What music have you been listening to lately? What’s on your iPod right now?

Lately I’ve been listening to David Bowie and Queen’s “Under Pressure” and Tegan and Sara. Oh, OK this is pretty funny! This is all I have on my iTunes: Lou Gramm’s “Midnight Blue”, a song called “Heartbeats,” a cover by this band The Knife, The Scorpions’ “Rock You Like a Hurricane,” and Annie Lennox’s “No More I Love Yous”. Also, I love Death Cab for Cutie. They’re really, really brilliant. You know, I don’t throw that word around a lot but that band is brilliant.

Which of all of your songs are you most connected to?

Oh, “Iris.” I mean that song was such a gift. That thing just dropped in my lap. It was one of those situations where you’re sort of having this spiritual moment, and you just have no clue where it came from. It was really cool.

Before you wrote “Iris,” you had a pretty severe case of writer’s block. How’d you manage to cure that?

I think I needed that. I think it was a period of time where I had to sit down and come to terms with the fact that I was having a hard time with my identity. We’d made five albums, and then all of the sudden we had this hit song, “Name.” I got this feeling I think a lot of artists get: that I am a complete phony, that was just luck, and I don’t know how to do it again. It felt like I had just won the lottery and everyone was standing around going, “Wow! You won the Lottery! That’s amazing! Do it again!” So it really kind of froze me up. I think it was the period where I finally had to come to terms with the fact that songwriting was now my job.

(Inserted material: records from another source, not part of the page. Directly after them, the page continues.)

(* Let $L\subseteq\Sigma^*$ be a regular language with $\kappa(L)=n$. If $n=1$ (and $L$ is closed), then $\kappa(L^R)=1$. If $n\ge 2$: 1. if $L$ is prefix-closed, $\kappa(L^R)\le 2^{n-1}$, and this is tight over alphabets with $|\Sigma|\ge 2$; 2. if $L$ is suffix-closed, $\kappa(L^R)\le 2^{n-1}+1$, and this is tight over alphabets with $|\Sigma|\ge 3$; 3. if $L$ is factor-closed, $\kappa(L^R)\le 2^{n-2}+1$, and this is tight over alphabets with $|\Sigma|\ge 3$; 4. if $L$ is subword-closed, $\kappa(L^R)\le 2^{n-2}+1$, and this is tight over alphabets with $|\Sigma|\ge 2n$. Here "tight" means that for every $n\ge 2$ there is a language of the given class over such an alphabet with $\kappa(L)=n$ attaining the bound.
   Context: $\Sigma$ is a finite non-empty alphabet. $L_w=\{x\mid wx\in L\}$ is the left quotient of $L$ by $w$, and $\kappa(L)$ is the number of distinct quotients of $L$ (its state complexity). $L^R=\{w^R\mid w\in L\}$, where $w^R$ is the reversal of $w$. A language is prefix-closed (suffix-, factor-, subword-closed) if it contains every prefix (suffix, factor, subword) of each of its words, where subword means scattered subsequence. *)

theory Defs
  imports Main "HOL-Library.Sublist" "HOL-Library.Cardinality"
begin

text \<open>Languages over a finite non-empty alphabet, given by a type of class finite
  (types are non-empty).\<close>

definition lquot :: "'a list set \<Rightarrow> 'a list \<Rightarrow> 'a list set" where
  "lquot L w = {x. w @ x \<in> L}"

text \<open>State complexity: number of distinct left quotients.\<close>
definition kappa :: "'a list set \<Rightarrow> nat" where
  "kappa L = card {lquot L w | w. True}"

definition lrev :: "'a list set \<Rightarrow> 'a list set" where
  "lrev L = rev ` L"

definition regular_lang :: "('a::finite) list set \<Rightarrow> bool" where
  "regular_lang L \<longleftrightarrow> (\<exists>(Q::nat set) (\<delta>::nat \<Rightarrow> 'a \<Rightarrow> nat) q0 F.
      finite Q \<and> q0 \<in> Q \<and> (\<forall>q\<in>Q. \<forall>a. \<delta> q a \<in> Q) \<and> F \<subseteq> Q \<and>
      L = {w. foldl \<delta> q0 w \<in> F})"

definition prefix_closed :: "'a list set \<Rightarrow> bool" where
  "prefix_closed L \<longleftrightarrow> (\<forall>w\<in>L. \<forall>v. prefix v w \<longrightarrow> v \<in> L)"

definition suffix_closed :: "'a list set \<Rightarrow> bool" where
  "suffix_closed L \<longleftrightarrow> (\<forall>w\<in>L. \<forall>v. suffix v w \<longrightarrow> v \<in> L)"

definition factor_closed :: "'a list set \<Rightarrow> bool" where
  "factor_closed L \<longleftrightarrow> (\<forall>w\<in>L. \<forall>v. sublist v w \<longrightarrow> v \<in> L)"

definition subword_closed :: "'a list set \<Rightarrow> bool" where
  "subword_closed L \<longleftrightarrow> (\<forall>w\<in>L. \<forall>v. subseq v w \<longrightarrow> v \<in> L)"

end

theory Submission
  imports Defs
begin

(* The quotient of lrev L by w depends
   only on which quotients of L contain rev w, so kappa (lrev L) is bounded by the number of
   possible such "containment profiles".  The closure properties restrict the profiles: for
   prefix-closed L the empty quotient contains nothing, and for suffix-closed L every quotient
   is contained in L, so a profile is either empty or contains L.  Counting gives the upper
   bounds 2^(n-1), 2^(n-1) + 1 and 2^(n-2) + 1; a language with one quotient is empty or
   universal and therefore equals its reversal.

   For the lower bounds the witnesses are explicit DFAs.  For a reachable DFA the quotients of
   the reversed language correspond to the sets acc_states u of states from which u is
   accepted, and the DFA is minimal when these sets separate its states.  Each witness has words
   removing (or adding) a single state from such a set, so by induction a whole family of 2^m or
   2^m + 1 sets is realised, and this family also separates the states.  The prefix, suffix and
   factor witnesses are built on a cyclic rotation of the states 1..m; the subword witness uses
   one letter per state to be killed. *)

definition quotients :: "'a list set \<Rightarrow> 'a list set set" where
  "quotients L = {lquot L w | w. True}"

(* The quotients of L that contain u.  The quotient of the reversal of L by w is determined
   by quots_containing L (rev w), which is the source of all upper bounds below. *)
definition quots_containing :: "'a list set \<Rightarrow> 'a list \<Rightarrow> 'a list set set" where
  "quots_containing L u = {K \<in> quotients L. u \<in> K}"

lemma kappa_quotients: "kappa L = card (quotients L)"
  by (simp add: kappa_def quotients_def)

lemma lquot_in_quotients: "lquot L w \<in> quotients L"
  by (auto simp: quotients_def)

lemma L_in_quotients: "L \<in> quotients L"
  using lquot_in_quotients[of L "[]"] by (simp add: lquot_def)

lemma foldl_closed: "q \<in> Q \<Longrightarrow> \<forall>q\<in>Q. \<forall>x. \<delta> q x \<in> Q \<Longrightarrow> foldl \<delta> q w \<in> Q"
  by (induction w arbitrary: q) auto

lemma foldl_fixed: "(\<And>x. x \<in> set w \<Longrightarrow> \<delta> q x = q) \<Longrightarrow> foldl \<delta> q w = q"
  by (induction w) auto

(* Every quotient of a DFA language is the language of some state, so there are finitely many. *)
lemma regular_finite_quotients:
  assumes "regular_lang L" shows "finite (quotients L)"
proof -
  obtain Q \<delta> q0 F where fin: "finite (Q::nat set)" and q0: "q0 \<in> Q"
    and cl: "\<forall>q\<in>Q. \<forall>x. \<delta> q x \<in> Q" and L: "L = {w. foldl \<delta> q0 w \<in> F}"
    using assms unfolding regular_lang_def by blast
  have "quotients L \<subseteq> (\<lambda>q. {x. foldl \<delta> q x \<in> F}) ` Q"
    using foldl_closed[OF q0 cl] by (auto simp: quotients_def lquot_def L)
  thus ?thesis using fin finite_surj by blast
qed

lemma lquot_lrev: "lquot (lrev L) w = {x. lquot L (rev x) \<in> quots_containing L (rev w)}"
proof -
  have "x \<in> rev ` L \<longleftrightarrow> rev x \<in> L" for x by (metis image_iff rev_rev_ident)
  thus ?thesis
    using lquot_in_quotients[of L] by (auto simp: lquot_def lrev_def quots_containing_def)
qed

lemma kappa_rev_le:
  assumes "range (quots_containing L) \<subseteq> A" "finite A"
  shows "kappa (lrev L) \<le> card A"
proof -
  let ?G = "\<lambda>S. {x. lquot L (rev x) \<in> S}"
  have "quotients (lrev L) \<subseteq> ?G ` A"
    using assms(1) by (auto simp: quotients_def lquot_lrev)
  hence "card (quotients (lrev L)) \<le> card (?G ` A)"
    using assms(2) by (simp add: card_mono)
  also have "\<dots> \<le> card A" using assms(2) card_image_le by blast
  finally show ?thesis by (simp add: kappa_quotients)
qed

lemma factor_prefix: "factor_closed L \<Longrightarrow> prefix_closed L"
  unfolding factor_closed_def prefix_closed_def by (auto intro: prefix_imp_sublist)

lemma factor_suffix: "factor_closed L \<Longrightarrow> suffix_closed L"
  unfolding factor_closed_def suffix_closed_def by (auto intro: suffix_imp_sublist)

lemma subword_factor: "subword_closed L \<Longrightarrow> factor_closed L"
  unfolding factor_closed_def subword_closed_def by (auto intro: sublist_imp_subseq)

lemma prefix_suffix_factor: "prefix_closed L \<Longrightarrow> suffix_closed L \<Longrightarrow> factor_closed L"
  unfolding factor_closed_def prefix_closed_def suffix_closed_def sublist_def
  by (metis prefixI suffixI)

(* A language with a single quotient is empty or universal, hence equal to its reversal. *)
lemma kappa_one_rev:
  assumes "kappa L = 1" shows "kappa (lrev L) = 1"
proof -
  have "card (quotients L) = 1" using assms by (simp add: kappa_quotients)
  then obtain K where "quotients L = {K}" using card_1_singletonE by blast
  hence const: "lquot L w = L" for w
    using L_in_quotients[of L] lquot_in_quotients[of L w] by simp
  have "w \<in> L \<longleftrightarrow> [] \<in> lquot L w" for w by (simp add: lquot_def)
  hence "w \<in> L \<longleftrightarrow> [] \<in> L" for w using const by simp
  hence "L = {} \<or> L = UNIV" by blast
  moreover have "lrev {} = {}" "lrev UNIV = UNIV"
    unfolding lrev_def by (simp, metis surj_def rev_rev_ident)
  ultimately have "lrev L = L" by auto
  thus ?thesis using assms by simp
qed

(* A non-universal prefix-closed language has the empty quotient: some word has no
   extension in L. *)
lemma empty_in_quotients_prefix:
  assumes "prefix_closed L" "kappa L \<ge> 2" shows "{} \<in> quotients L"
proof (rule ccontr)
  assume no_empty: "{} \<notin> quotients L"
  have "w \<in> L" for w
  proof -
    have "lquot L w \<noteq> {}" using no_empty lquot_in_quotients[of L w] by metis
    then obtain x where "w @ x \<in> L" by (auto simp: lquot_def)
    thus "w \<in> L" using assms(1) unfolding prefix_closed_def by (metis prefixI)
  qed
  hence "lquot L w = UNIV" for w by (auto simp: lquot_def)
  hence "quotients L = {UNIV}" unfolding quotients_def by auto
  thus False using assms(2) by (simp add: kappa_quotients)
qed

(* Upper bound for prefix-closed L: the empty quotient contains no word, so
   quots_containing L u ranges over subsets of the other n - 1 quotients. *)
lemma ub_prefix:
  assumes "regular_lang L" "kappa L = n" "n \<ge> 2" "prefix_closed L"
  shows "kappa (lrev L) \<le> 2 ^ (n - 1)"
proof -
  have fin: "finite (quotients L)" using assms(1) by (rule regular_finite_quotients)
  have "{} \<in> quotients L" using empty_in_quotients_prefix assms(2-4) by blast
  hence card: "card (quotients L - {{}}) = n - 1" using fin assms(2) by (simp add: kappa_quotients)
  have "range (quots_containing L) \<subseteq> Pow (quotients L - {{}})" by (auto simp: quots_containing_def)
  hence "kappa (lrev L) \<le> card (Pow (quotients L - {{}}))" using fin by (simp add: kappa_rev_le)
  thus ?thesis using fin card by (simp add: card_Pow)
qed

(* For suffix-closed L every quotient is a subset of L.  So a word outside L lies in no
   quotient, while a word in L lies in L itself and never in the empty quotient. *)
lemma quots_containing_suffix_closed:
  assumes "suffix_closed L"
  shows "quots_containing L u = {}
    \<or> (\<exists>X \<subseteq> quotients L - {L, {}}. quots_containing L u = insert L X)"
proof (cases "u \<in> L")
  case True
  hence "quots_containing L u = insert L (quots_containing L u - {L, {}})"
    using L_in_quotients[of L] by (auto simp: quots_containing_def)
  moreover have "quots_containing L u - {L, {}} \<subseteq> quotients L - {L, {}}"
    by (auto simp: quots_containing_def)
  ultimately show ?thesis by blast
next
  case False
  have "K \<subseteq> L" if "K \<in> quotients L" for K
    using that assms unfolding quotients_def suffix_closed_def lquot_def by (auto simp: suffix_def)
  hence "quots_containing L u = {}" using False by (auto simp: quots_containing_def)
  thus ?thesis ..
qed

lemma ub_suffix_general:
  assumes "regular_lang L" "suffix_closed L"
  shows "kappa (lrev L) \<le> 2 ^ card (quotients L - {L, {}}) + 1"
proof -
  have fin: "finite (quotients L)" using assms(1) by (rule regular_finite_quotients)
  let ?A = "insert {} (insert L ` Pow (quotients L - {L, {}}))"
  have "range (quots_containing L) \<subseteq> ?A"
  proof
    fix S assume "S \<in> range (quots_containing L)"
    then obtain u where "S = quots_containing L u" by blast
    thus "S \<in> ?A" using quots_containing_suffix_closed[OF assms(2), of u] by auto
  qed
  hence "kappa (lrev L) \<le> card ?A" using fin by (simp add: kappa_rev_le)
  also have "\<dots> \<le> card (insert L ` Pow (quotients L - {L, {}})) + 1"
    using fin by (simp add: card_insert_if)
  also have "\<dots> \<le> card (Pow (quotients L - {L, {}})) + 1"
    by (simp add: card_image_le fin)
  finally show ?thesis using fin by (simp add: card_Pow)
qed

lemma ub_suffix:
  assumes "regular_lang L" "kappa L = n" "suffix_closed L"
  shows "kappa (lrev L) \<le> 2 ^ (n - 1) + 1"
proof -
  have fin: "finite (quotients L)" using assms(1) by (rule regular_finite_quotients)
  have "card (quotients L - {L, {}}) \<le> card (quotients L - {L})" using fin by (intro card_mono) auto
  also have "\<dots> = n - 1" using fin L_in_quotients[of L] assms(2) by (simp add: kappa_quotients)
  finally have "2 ^ card (quotients L - {L, {}}) \<le> (2::nat) ^ (n - 1)" by simp
  thus ?thesis using ub_suffix_general[OF assms(1,3)] by linarith
qed

(* Upper bound for factor-closed (and hence for subword-closed) languages: here both L and
   the empty set are quotients, and they are distinct when n >= 2. *)
lemma ub_factor:
  assumes "regular_lang L" "kappa L = n" "n \<ge> 2" "factor_closed L"
  shows "kappa (lrev L) \<le> 2 ^ (n - 2) + 1"
proof -
  have fin: "finite (quotients L)" using assms(1) by (rule regular_finite_quotients)
  have empty: "{} \<in> quotients L"
    using empty_in_quotients_prefix factor_prefix assms(2-4) by blast
  have "L \<noteq> {}"
  proof
    assume "L = {}"
    hence "quotients L = {{}}" by (auto simp: quotients_def lquot_def)
    thus False using assms(2,3) by (simp add: kappa_quotients)
  qed
  hence "card (quotients L - {L, {}}) = n - 2"
    using fin empty L_in_quotients[of L] assms(2) by (simp add: kappa_quotients card_Diff_subset)
  thus ?thesis using ub_suffix_general[OF assms(1) factor_suffix[OF assms(4)]] by simp
qed

definition dfa_lang :: "(nat \<Rightarrow> 'a \<Rightarrow> nat) \<Rightarrow> nat \<Rightarrow> nat set \<Rightarrow> 'a list set" where
  "dfa_lang \<delta> q0 F = {w. foldl \<delta> q0 w \<in> F}"

(* The states of Q from which u is accepted.  These sets play the role of the states of the
   reversed (determinised) automaton. *)
definition acc_states :: "nat set \<Rightarrow> (nat \<Rightarrow> 'a \<Rightarrow> nat) \<Rightarrow> nat set \<Rightarrow> 'a list \<Rightarrow> nat set" where
  "acc_states Q \<delta> F u = {q \<in> Q. foldl \<delta> q u \<in> F}"

definition separates :: "'b set set \<Rightarrow> 'b set \<Rightarrow> bool" where
  "separates \<S> Q \<longleftrightarrow> (\<forall>p\<in>Q. \<forall>q\<in>Q. p \<noteq> q \<longrightarrow> (\<exists>S\<in>\<S>. (p \<in> S) \<noteq> (q \<in> S)))"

Before that, even during A Boy Named Goo, we still had day jobs so it was a situation where I was always a songwriter and a bartender. I was always a songwriter and whatever other job I had. Then when it became my job it threw a lot of fear into me. I had to learn that the job of songwriting is incredibly frustrating. It’s sort of paradoxical in a way because you have to learn to sit in that discomfort and accept it, accept that the frustration is going to be there and you just have to look at it and go, “Oh, there’s my frustration. Well I’m going to keep working through it.” You keep writing. You have to write through it. The only way out of it is through it. So you write 25 really bad songs. So what? You just keep moving in the face of that frustration. If you keep moving, the frustration loses it’s power, and you really start to come up with some good material.

How have you guys managed to stay together for 24 years?

I kid around about it being a marriage of convenience. You know, like we’ve been together so long nobody else wants us. But seriously though, we’ve learned to respect each other’s boundaries, we’ve learned to shut up and listen to each other when it’s time. We’ve learned to accept each other’s suggestions and quirks and that’s really what it’s all about. It’s like, “I’m either going to fight with you or I’m going to accept this about you. We’re not going to try to chance each other because we’re never going to change. So let’s learn to work within the parameters of our relationship. Now that being said, that changes the complexion of your relationship. Robbie is married, Mike’s married, I’m going to get married; and it’s one of those things where you start to have your own life outside of the band. Whereas when we started out Robbie and I lived together, we partied together, we did everything together. We have become a family. We see each other on holidays, but yeah people need their own space to grow their own life, and hopefully the band can continue to grow with that.